Docling
Docling is an open-source document parser by IBM Research that converts PDFs, Office files, and 20+ formats into structured, LLM-ready data using layout-aware AI models with best-in-class table extraction accuracy.
Overview
Docling is IBM Research's open-source document intelligence toolkit, designed to get documents ready for generative AI. It converts PDFs, DOCX, PPTX, XLSX, HTML, images, audio, and more into a unified structured representation using state-of-the-art layout models and the TableFormer model — trained on 1M+ tables — for 97.9% cell accuracy on complex tables. It runs fully local with no API costs, GPU acceleration support, and air-gapped deployment capability, making it the go-to choice for privacy-sensitive and cost-sensitive RAG pipelines. Donated to the Linux Foundation's Agentic AI Foundation in 2025, it has seen rapid community adoption since its public launch in August 2025.
The Verdict
Who Should Use Docling?
Best For
- Teams building RAG pipelines that need the highest document parsing accuracy, especially complex tables
- Organizations with compliance or privacy requirements that prohibit sending documents to cloud APIs
- Cost-sensitive workloads processing millions of pages — zero per-page cost vs. $0.10+/page for SaaS alternatives
- Developers in the LangChain, LlamaIndex, Haystack, or Crew AI ecosystems — native integrations exist
- Teams processing scientific papers, XBRL financial filings, JATS articles, or mixed-media documents
Not Ideal For
- Teams needing the fastest processing — cloud APIs like LlamaParse are ~10x faster (6s vs. 65s for 50 pages)
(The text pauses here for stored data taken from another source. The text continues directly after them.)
lemma approx_lagrange_multipliers:
  fixes a :: "('e \<Rightarrow> real) \<Rightarrow> real" and h :: "'i \<Rightarrow> ('e \<Rightarrow> real) \<Rightarrow> real"
  assumes "finite I" and "compact X" and "fun_convex X"
    and "fun_affine_on X a" and "continuous_on X a"
    and "\<forall>i\<in>I. fun_affine_on X (h i) \<and> continuous_on UNIV (h i)"
    and "\<exists>x\<in>X. \<forall>i\<in>I. h i x \<le> 0"
    and "\<forall>x\<in>X. (\<forall>i\<in>I. h i x \<le> 0) \<longrightarrow> t \<le> a x"
    and "\<epsilon> > 0"
  shows "\<exists>y. (\<forall>i\<in>I. 0 \<le> y i) \<and> (\<forall>x\<in>X. t - \<epsilon> \<le> a x + (\<Sum>i\<in>I. y i * h i x))"
  using assms
proof (induction I arbitrary: X \<epsilon> rule: finite_induct)
  case empty
  then show ?case by auto
next
  case (insert j I)
  have hj: "fun_affine_on X (h j)" "continuous_on UNIV (h j)" using "insert.prems"(5) by auto
  define X' where "X' = X \<inter> {x. h j x \<le> 0}"
  have X'_sub: "X' \<subseteq> X" unfolding X'_def by blast
  have "compact X'"
    unfolding X'_def using "insert.prems"(1) hj(2)
    by (intro compact_Int_closed closed_Collect_le continuous_intros)
  have "fun_convex X'"
    unfolding X'_def using fun_convex_Int_nonpos[OF "insert.prems"(2) hj(1)] .
  \<comment> \<open>Dualise \<open>I\<close> on the part of \<open>X\<close> where constraint \<open>j\<close> holds, then \<open>j\<close> alone.\<close>
  have "fun_affine_on X' a" "continuous_on X' a"
    using "insert.prems"(3,4) fun_affine_on_subset[OF _ X'_sub] continuous_on_subset[OF _ X'_sub]
    by blast+
  moreover have "\<forall>i\<in>I. fun_affine_on X' (h i) \<and> continuous_on UNIV (h i)"
    using "insert.prems"(5) fun_affine_on_subset[OF _ X'_sub] by blast
  moreover have "\<exists>x\<in>X'. \<forall>i\<in>I. h i x \<le> 0" "\<forall>x\<in>X'. (\<forall>i\<in>I. h i x \<le> 0) \<longrightarrow> t \<le> a x"
    using "insert.prems"(6,7) unfolding X'_def by auto
  ultimately have "\<exists>y. (\<forall>i\<in>I. 0 \<le> y i) \<and> (\<forall>x\<in>X'. t - \<epsilon>/2 \<le> a x + (\<Sum>i\<in>I. y i * h i x))"
    using "insert.IH"[OF \<open>compact X'\<close> \<open>fun_convex X'\<close>] "insert.prems"(8) by simp
  then obtain y where y: "\<forall>i\<in>I. 0 \<le> y i" "\<forall>x\<in>X'. t - \<epsilon>/2 \<le> a x + (\<Sum>i\<in>I. y i * h i x)"
    by blast
  define a' where "a' x = a x + (\<Sum>i\<in>I. y i * h i x)" for x
  have cont_h: "continuous_on X (h i)" if "i \<in> insert j I" for i
    using "insert.prems"(5) that continuous_on_subset[OF _ subset_UNIV] by blast
  have "fun_affine_on X a'"
    unfolding a'_def using "insert.prems"(3,5)
    by (intro fun_affine_on_add fun_affine_on_sum fun_affine_on_cmult) auto
  moreover have "continuous_on X a'"
    unfolding a'_def using "insert.prems"(4) cont_h by (intro continuous_intros) auto
  moreover have "t - \<epsilon>/2 \<le> a' x" if "x \<in> X" "h j x \<le> 0" for x
    using y(2) that unfolding X'_def a'_def by auto
  ultimately obtain yj where yj: "yj \<ge> 0" "\<forall>x\<in>X. t - \<epsilon>/2 - \<epsilon>/2 \<le> a' x + yj * h j x"
    using approx_lagrange_multiplier[of X a' "h j" "t - \<epsilon>/2" "\<epsilon>/2"]
      "insert.prems"(1,2,6,8) hj(1) cont_h[of j] by auto
  have "(\<Sum>i\<in>I. (y(j := yj)) i * h i x) = (\<Sum>i\<in>I. y i * h i x)" for x
    using "insert.hyps"(2) by (intro sum.cong) auto
  then have "(\<Sum>i\<in>insert j I. (y(j := yj)) i * h i x) = yj * h j x + a' x - a x" for x
    using "insert.hyps" unfolding a'_def by simp
  then show ?case
    using yj y(1) by (intro exI[of _ "y(j := yj)"]) auto
qed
- Handwriting recognition or form checkbox extraction — not yet supported
- Chart and figure extraction — still listed as coming soon
- Teams needing vendor-backed enterprise compliance certifications (SOC 2, HIPAA) from the tool provider
What's Great
- Best-in-class table extraction — 97.9% cell accuracy on complex tables (vs. 75% for Unstructured, unreliable for LlamaParse)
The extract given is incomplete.